Sjogren-larsson syndrome: A rare case report
Sjogren–Larsson syndrome (SLS), an autosomal recessive neurocutaneous disorder, is an inborn error of lipid metabolism characterized by a triad of congenital ichthyosis, intellectual disability, and spastic diplegia or quadriplegia.

Published in the Indian Journal of Dermatology, the authors report the case of a 3-year-old female child who presented to our outpatient department with congenital ichthyosis, intellectual disability, and spastic diplegia and was diagnosed as SLS.

A 3-year-old full-term female child, born out of non consanguineous marriage, presented to the skin department with complaints of dryness of the skin since birth. Her parents complained of delay in development of milestones. History of collodion membrane was present at birth. No history of seizures was present.

Clinical examination revealed generalized ichthyosis. Ichthyosis over the bilateral lower limbs was of the lamellar type. Accentuated skin markings, lichenification of the flexural areas, and periumbilical hyperkeratosis with radiating furrows were seen. The patient's nose was flattened and wide at the root and her eyes were hyperteloric. Neurological examination revealed intellectual disability, increased tone in lower limbs, brisk deep tendon reflexes, and bilateral extensor plantar response suggestive of spastic diplegia.

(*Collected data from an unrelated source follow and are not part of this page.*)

(* Let $M\ge 1$ be an integer and let $\rho_1>\rho_2>\dots>\rho_M>0$. Let $(a,b)\subset\mathbb R$ be a bounded interval. For $\varepsilon>0$ and $u\colon\varepsilon\mathbb Z\to\mathbb R$ with $u(x)=0$ for all $x\in\varepsilon\mathbb Z\setminus(a,b)$, write $u_k=u(\varepsilon k)$ and define $$ F_\varepsilon(u)=\sum_{k\in\mathbb Z}\varepsilon\,\biggl|\frac1\varepsilon\Bigl(\sum_{j=1}^M (u_{k+j}-u_k)\rho_j-\sum_{j=1}^M (u_{k-j+1}-u_k)\rho_j\Bigr)\biggr|^2 . $$ Then there exists a constant $\Lambda>0$, independent of $\varepsilon$ and $u$, such that $$ F_\varepsilon(u)\ \ge\ \Lambda\sum_{k\in\mathbb Z}\varepsilon\,\Bigl|\frac{u_{k+1}-u_k}{\varepsilon}\Bigr|^2 $$ for all such $u$ and all $0<\varepsilon<\frac{1}{2M}$.
   Context: The quantity inside the absolute value equals the scaled discrete nonlocal gradient $\frac1\varepsilon\bigl(-\sum_{i=1}^M\rho_i u_{k+1-i}+\sum_{i=1}^M\rho_i u_{k+i}\bigr)$. Only finitely many terms of the sums are nonzero since $u$ vanishes outside $(a,b)$. *)

theory Defs
  imports "HOL-Analysis.Analysis"
begin

text \<open>The discrete nonlocal energy F_eps(u), with u given by its values u_k = u(eps k), k in Z.
  The sum over Z is an unconditional (infinite) sum; for admissible u only finitely many terms are nonzero.\<close>
definition F_eps :: "nat \<Rightarrow> (nat \<Rightarrow> real) \<Rightarrow> real \<Rightarrow> (int \<Rightarrow> real) \<Rightarrow> real" where
  "F_eps M rho eps u =
     (\<Sum>\<^sub>\<infinity>k::int. eps * \<bar>(1 / eps) *
        ((\<Sum>j=1..M. (u (k + int j) - u k) * rho j)
         - (\<Sum>j=1..M. (u (k - int j + 1) - u k) * rho j))\<bar>^2)"

definition grad_energy :: "real \<Rightarrow> (int \<Rightarrow> real) \<Rightarrow> real" where
  "grad_energy eps u = (\<Sum>\<^sub>\<infinity>k::int. eps * \<bar>(u (k + 1) - u k) / eps\<bar>^2)"

end

theory Submission
  imports Defs
begin

text \<open>
  Put d_k = u_(k+1) - u_k and g_k = sum_j rho_j (u_(k+j) - u_(k+1-j)), so that eps F_eps(u) = sum_k g_k^2.
  With the autocorrelation R_i = sum_k u_k u_(k+i), shift invariance gives
  T_j := sum_k (u_(k+j) - u_k)^2 = 2 R_0 - 2 R_j and sum_k d_k g_k = sum_j rho_j (T_j - T_(j-1)).
  Summing by parts, the strict decrease of rho and T_j >= 0 yield
  sum_k d_k g_k >= delta T_1 = delta sum_k d_k^2, where delta = rho_1 - rho_2 (delta = rho_1 if M = 1);
  expanding sum_k (g_k - delta d_k)^2 >= 0 then gives sum_k g_k^2 >= delta^2 sum_k d_k^2.
  So Lambda = delta^2 works.
\<close>

lemma infsum_eq_sum_if_vanishing_outside:
  fixes f :: "'a \<Rightarrow> real"
  assumes "finite S" "\<And>k. k \<notin> S \<Longrightarrow> f k = 0"
  shows "(\<Sum>\<^sub>\<infinity>k. f k) = sum f S"
proof -
  have "(\<Sum>\<^sub>\<infinity>k. f k) = infsum f S"
    by (rule infsum_cong_neutral) (use assms in auto)
  then show ?thesis using assms by simp
qed

lemma sum_sq_ge_of_sum_mult_ge:
  fixes d g :: "'a \<Rightarrow> real"
  assumes "0 \<le> \<delta>" and "\<delta> * (\<Sum>k\<in>K. (d k)\<^sup>2) \<le> (\<Sum>k\<in>K. d k * g k)"
  shows "\<delta>\<^sup>2 * (\<Sum>k\<in>K. (d k)\<^sup>2) \<le> (\<Sum>k\<in>K. (g k)\<^sup>2)"
proof -
  have "0 \<le> (\<Sum>k\<in>K. (g k - \<delta> * d k)\<^sup>2)" by (rule sum_nonneg) simp
  also have "\<dots> = (\<Sum>k\<in>K. (g k)\<^sup>2) - 2 * \<delta> * (\<Sum>k\<in>K. d k * g k) + \<delta>\<^sup>2 * (\<Sum>k\<in>K. (d k)\<^sup>2)"
    by (simp add: power2_eq_square algebra_simps sum.distrib sum_subtractf sum_distrib_left)
  also have "\<dots> \<le> (\<Sum>k\<in>K. (g k)\<^sup>2) - 2 * \<delta> * (\<delta> * (\<Sum>k\<in>K. (d k)\<^sup>2)) + \<delta>\<^sup>2 * (\<Sum>k\<in>K. (d k)\<^sup>2)"
    using assms by (simp add: mult_left_mono)
  finally show ?thesis by (simp add: power2_eq_square)
qed

lemma sum_mult_diff_by_parts:
  fixes r T :: "nat \<Rightarrow> real"
  shows "(\<Sum>j=1..Suc n. r j * (T j - T (j - 1)))
         = (\<Sum>j=1..n. (r j - r (Suc j)) * T j) + r (Suc n) * T (Suc n) - r 1 * T 0"
  by (induction n) (simp_all add: algebra_simps)

definition first_gap :: "nat \<Rightarrow> (nat \<Rightarrow> real) \<Rightarrow> real" where
  "first_gap M r = (if M = 1 then r 1 else r 1 - r 2)"

lemma first_gap_pos:
  assumes "M \<ge> 1" and "\<And>i j. 1 \<le> i \<Longrightarrow> i < j \<Longrightarrow> j \<le> M \<Longrightarrow> r i > r j" and "r M > 0"
  shows "first_gap M r > 0"
  using assms(2)[of 1 2] assms unfolding first_gap_def by (cases "M = 1") auto

lemma sum_mult_diff_ge_first_gap:
  fixes r T :: "nat \<Rightarrow> real"
  assumes "M \<ge> 1" and dec: "\<And>i j. 1 \<le> i \<Longrightarrow> i < j \<Longrightarrow> j \<le> M \<Longrightarrow> r i > r j"
    and "r M > 0" and "T 0 = 0" and T_nonneg: "\<And>j. 1 \<le> j \<Longrightarrow> j \<le> M \<Longrightarrow> T j \<ge> 0"
  shows "(\<Sum>j=1..M. r j * (T j - T (j - 1))) \<ge> first_gap M r * T 1"
proof -
  obtain n where n: "M = Suc n" using assms(1) by (cases M) auto
  have by_parts: "(\<Sum>j=1..M. r j * (T j - T (j - 1))) = (\<Sum>j=1..n. (r j - r (Suc j)) * T j) + r M * T M"
    using sum_mult_diff_by_parts[of r T n] \<open>T 0 = 0\<close> n by simp
  have last: "r M * T M \<ge> 0" using assms T_nonneg[of M] by simp
  show ?thesis
  proof (cases "n = 0")
    case True then show ?thesis using by_parts n \<open>T 0 = 0\<close> by (simp add: first_gap_def)
  next
    case False
    have "(\<Sum>j=2..n. (r j - r (Suc j)) * T j) \<ge> 0"
      using dec T_nonneg n by (intro sum_nonneg mult_nonneg_nonneg) (auto simp: less_imp_le)
    moreover have "(\<Sum>j=1..n. (r j - r (Suc j)) * T j) = (r 1 - r 2) * T 1 + (\<Sum>j=2..n. (r j - r (Suc j)) * T j)"
      using False by (simp add: sum.atLeast_Suc_atMost numeral_2_eq_2)
    ultimately show ?thesis using by_parts last False n by (simp add: first_gap_def)
  qed
qed

definition autocorr :: "(int \<Rightarrow> real) \<Rightarrow> int \<Rightarrow> real" where
  "autocorr u i = (\<Sum>\<^sub>\<infinity>k. u k * u (k + i))"

lemma infsum_shift_mult_eq_autocorr:
  "(\<Sum>\<^sub>\<infinity>k. u (k + a) * u (k + b)) = autocorr u (b - a)"
proof -
  have "bij_betw (\<lambda>k. k + a) UNIV UNIV"
    by (rule bij_betwI[where g="\<lambda>k. k - a"]) auto
  then have "(\<Sum>\<^sub>\<infinity>k. (\<lambda>m. u m * u (m + (b - a))) (k + a)) = autocorr u (b - a)"
    unfolding autocorr_def by (rule infsum_reindex_bij_betw)
  then show ?thesis by (simp add: algebra_simps)
qed

lemma autocorr_uminus: "autocorr u (- i) = autocorr u i"
  using infsum_shift_mult_eq_autocorr[of u i 0]
  by (simp add: autocorr_def mult.commute)

context
  fixes u :: "int \<Rightarrow> real" and K :: "int set" and r :: int
  assumes finite_window: "finite K"
    and vanishing_outside_window: "\<And>k c. k \<notin> K \<Longrightarrow> \<bar>c\<bar> \<le> r \<Longrightarrow> u (k + c) = 0"
begin

lemma window_sum_shift_mult:
  assumes "\<bar>a\<bar> \<le> r"
  shows "(\<Sum>k\<in>K. u (k + a) * u (k + b)) = autocorr u (b - a)"
  using infsum_eq_sum_if_vanishing_outside[OF finite_window, of "\<lambda>k. u (k + a) * u (k + b)"]
    vanishing_outside_window assms infsum_shift_mult_eq_autocorr[of u a b]
  by simp

lemma window_sum_shift_diff_sq:
  assumes "\<bar>j\<bar> \<le> r"
  shows "(\<Sum>k\<in>K. (u (k + j) - u k)\<^sup>2) = 2 * autocorr u 0 - 2 * autocorr u j"
proof -
  have "(\<Sum>k\<in>K. (u (k + j) - u k)\<^sup>2) = (\<Sum>k\<in>K. u (k + j) * u (k + j))
      - 2 * (\<Sum>k\<in>K. u (k + j) * u (k + 0)) + (\<Sum>k\<in>K. u (k + 0) * u (k + 0))"
    by (simp add: power2_eq_square algebra_simps sum.distrib sum_subtractf sum_distrib_left)
  then show ?thesis
    using window_sum_shift_mult[of j j] window_sum_shift_mult[of j 0] window_sum_shift_mult[of 0 0]
      autocorr_uminus[of u j] assms
    by simp
qed

lemma window_sum_diff_mult_sym_diff:
  assumes "1 \<le> r"
  shows "(\<Sum>k\<in>K. (u (k + 1) - u k) * (u (k + j) - u (k + 1 - j)))
         = 2 * autocorr u (j - 1) - 2 * autocorr u j"
proof -
  have "(\<Sum>k\<in>K. (u (k + 1) - u k) * (u (k + j) - u (k + 1 - j)))
      = (\<Sum>k\<in>K. u (k + 1) * u (k + j)) - (\<Sum>k\<in>K. u (k + 1) * u (k + (1 - j)))
        - (\<Sum>k\<in>K. u (k + 0) * u (k + j)) + (\<Sum>k\<in>K. u (k + 0) * u (k + (1 - j)))"
    by (simp add: algebra_simps sum.distrib sum_subtractf)
  then show ?thesis
    using window_sum_shift_mult[of 1 j] window_sum_shift_mult[of 1 "1 - j"]
      window_sum_shift_mult[of 0 j] window_sum_shift_mult[of 0 "1 - j"]
      autocorr_uminus[of u j] autocorr_uminus[of u "j - 1"] assms
    by simp
qed

end

lemma finite_support_imp_window:
  fixes u :: "int \<Rightarrow> 'a::zero"
  assumes "finite {k. u k \<noteq> 0}"
  shows "\<exists>K. finite K \<and> (\<forall>k c. k \<notin> K \<longrightarrow> \<bar>c\<bar> \<le> r \<longrightarrow> u (k + c) = 0)"
proof (intro exI conjI allI impI)
  let ?K = "\<Union>c\<in>{-r..r}. (\<lambda>k. k - c) ` {k. u k \<noteq> 0}"
  show "finite ?K" using assms by simp
  fix k c assume "k \<notin> ?K" "\<bar>c\<bar> \<le> r"
  then show "u (k + c) = 0" by force
qed

lemma infsum_nonlocal_gradient_sq_ge:
  fixes u :: "int \<Rightarrow> real" and rho :: "nat \<Rightarrow> real"
  assumes "finite {k. u k \<noteq> 0}"
    and "M \<ge> 1" and "\<And>i j. 1 \<le> i \<Longrightarrow> i < j \<Longrightarrow> j \<le> M \<Longrightarrow> rho i > rho j" and "rho M > 0"
  shows "first_gap M rho ^ 2 * (\<Sum>\<^sub>\<infinity>k. (u (k + 1) - u k)\<^sup>2)
         \<le> (\<Sum>\<^sub>\<infinity>k. (\<Sum>j=1..M. rho j * (u (k + int j) - u (k + 1 - int j)))\<^sup>2)"
proof -
  obtain K where K: "finite K" "\<And>k c. k \<notin> K \<Longrightarrow> \<bar>c\<bar> \<le> int M \<Longrightarrow> u (k + c) = 0"
    using finite_support_imp_window[OF assms(1), of "int M"] by blast
  define d where "d k = u (k + 1) - u k" for k
  define g where "g k = (\<Sum>j=1..M. rho j * (u (k + int j) - u (k + 1 - int j)))" for k
  define T where "T j = 2 * autocorr u 0 - 2 * autocorr u (int j)" for j
  have T_sum: "T j = (\<Sum>k\<in>K. (u (k + int j) - u k)\<^sup>2)" if "j \<le> M" for j
    using window_sum_shift_diff_sq[where u=u and r="int M" and j="int j", OF K] that by (simp add: T_def)
  have "(\<Sum>k\<in>K. d k * g k) = (\<Sum>j=1..M. rho j * (\<Sum>k\<in>K. d k * (u (k + int j) - u (k + 1 - int j))))"
    unfolding g_def by (simp add: sum_distrib_left mult.left_commute sum.swap[of _ K])
  also have "\<dots> = (\<Sum>j=1..M. rho j * (T j - T (j - 1)))"
    using window_sum_diff_mult_sym_diff[where u=u and r="int M", OF K] \<open>M \<ge> 1\<close>
    by (intro sum.cong) (auto simp: d_def T_def of_nat_diff)
  also have "\<dots> \<ge> first_gap M rho * T 1"
    using T_sum by (intro sum_mult_diff_ge_first_gap assms(2-4)) (auto simp: T_def intro: sum_nonneg)
  finally have "first_gap M rho * (\<Sum>k\<in>K. (d k)\<^sup>2) \<le> (\<Sum>k\<in>K. d k * g k)"
    using T_sum[of 1] \<open>M \<ge> 1\<close> by (simp add: d_def)
  then have "first_gap M rho ^ 2 * (\<Sum>k\<in>K. (d k)\<^sup>2) \<le> (\<Sum>k\<in>K. (g k)\<^sup>2)"
    using first_gap_pos[where r=rho, OF assms(2-4)] by (intro sum_sq_ge_of_sum_mult_ge) auto
  moreover have "(\<Sum>\<^sub>\<infinity>k. (d k)\<^sup>2) = (\<Sum>k\<in>K. (d k)\<^sup>2)"
    using K \<open>M \<ge> 1\<close> K(2)[of _ 0] by (intro infsum_eq_sum_if_vanishing_outside) (auto simp: d_def)
  moreover have "(\<Sum>\<^sub>\<infinity>k. (g k)\<^sup>2) = (\<Sum>k\<in>K. (g k)\<^sup>2)"
    using K(2)[of _ "int _"] K(2)[of _ "1 - int _"]
    by (intro infsum_eq_sum_if_vanishing_outside K) (auto simp: g_def algebra_simps intro!: sum.neutral)
  ultimately show ?thesis by (simp add: d_def g_def)
qed

lemma finite_support_if_vanishing_outside_interval:
  fixes u :: "int \<Rightarrow> real"
  assumes "eps > 0" and "\<forall>k. eps * real_of_int k \<notin> {a<..<b} \<longrightarrow> u k = 0"
  shows "finite {k. u k \<noteq> 0}"
proof (rule finite_subset)
  show "{k. u k \<noteq> 0} \<subseteq> {\<lfloor>a / eps\<rfloor>..\<lceil>b / eps\<rceil>}"
  proof
    fix k assume "k \<in> {k. u k \<noteq> 0}"
    then have "a / eps < k" "k < b / eps"
      using assms by (auto simp: field_simps)
    then show "k \<in> {\<lfloor>a / eps\<rfloor>..\<lceil>b / eps\<rceil>}"
      by (simp add: floor_le_iff le_ceiling_iff)
  qed
qed simp

lemma mult_abs_div_sq: "(eps::real) * \<bar>x / eps\<bar>\<^sup>2 = x\<^sup>2 / eps"
  by (cases "eps = 0") (simp_all add: power2_eq_square field_simps)

lemma infsum_div_const: "(\<Sum>\<^sub>\<infinity>k. f k / c) = (\<Sum>\<^sub>\<infinity>k. f k) / (c::real)"
  unfolding divide_inverse by (rule infsum_cmult_left')

lemma F_eps_eq_infsum_div:
  "F_eps M rho eps u = (\<Sum>\<^sub>\<infinity>k. (\<Sum>j=1..M. rho j * (u (k + int j) - u (k + 1 - int j)))\<^sup>2) / eps"
proof -
  have nonlocal_diff: "(\<Sum>j=1..M. (u (k + int j) - u k) * rho j) - (\<Sum>j=1..M. (u (k - int j + 1) - u k) * rho j)
        = (\<Sum>j=1..M. rho j * (u (k + int j) - u (k + 1 - int j)))" for k
    by (simp add: sum_subtractf[symmetric] algebra_simps)
  show ?thesis
    by (simp only: F_eps_def nonlocal_diff times_divide_eq_left mult_1 mult_abs_div_sq infsum_div_const)
qed

lemma grad_energy_eq_infsum_div:
  "grad_energy eps u = (\<Sum>\<^sub>\<infinity>k. (u (k + 1) - u k)\<^sup>2) / eps"
  by (simp only: grad_energy_def mult_abs_div_sq infsum_div_const)

theorem theorem4p1:
  fixes M :: nat and rho :: "nat \<Rightarrow> real" and a b :: real
  assumes "M \<ge> 1"
    and "\<And>i j. 1 \<le> i \<Longrightarrow> i < j \<Longrightarrow> j \<le> M \<Longrightarrow> rho i > rho j"
    and "rho M > 0"
  shows "\<exists>\<Lambda>>0. \<forall>eps u. 0 < eps \<longrightarrow> eps < 1 / (2 * real M) \<longrightarrow>
           (\<forall>k::int. eps * real_of_int k \<notin> {a<..<b} \<longrightarrow> u k = 0) \<longrightarrow>
           F_eps M rho eps u \<ge> \<Lambda> * grad_energy eps u"
proof (intro exI[of _ "first_gap M rho ^ 2"] conjI allI impI)
  show "first_gap M rho ^ 2 > 0" using first_gap_pos[where r=rho, OF assms] by simp
  fix eps :: real and u :: "int \<Rightarrow> real"
  assume "0 < eps" and "\<forall>k. eps * real_of_int k \<notin> {a<..<b} \<longrightarrow> u k = 0"
  then have "finite {k. u k \<noteq> 0}" by (rule finite_support_if_vanishing_outside_interval)
  from infsum_nonlocal_gradient_sq_ge[where rho=rho, OF this assms] \<open>0 < eps\<close>
  show "first_gap M rho ^ 2 * grad_energy eps u \<le> F_eps M rho eps u"
    unfolding F_eps_eq_infsum_div grad_energy_eq_infsum_div by (simp add: divide_right_mono)
qed

end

The upper limbs did not show any tone or deep tendon reflex abnormalities. The patient was unable to speak any meaningful words. Ophthalmological examination did not reveal any abnormality. Magnetic resonance imaging (MRI) of the brain revealed bilateral symmetrical confluent T2/fluid-attenuated inversion recovery (FLAIR) hyperintensity involving bilateral periventricular parietal white matter. Based on the above clinical and MRI findings, a diagnosis of SLS was made.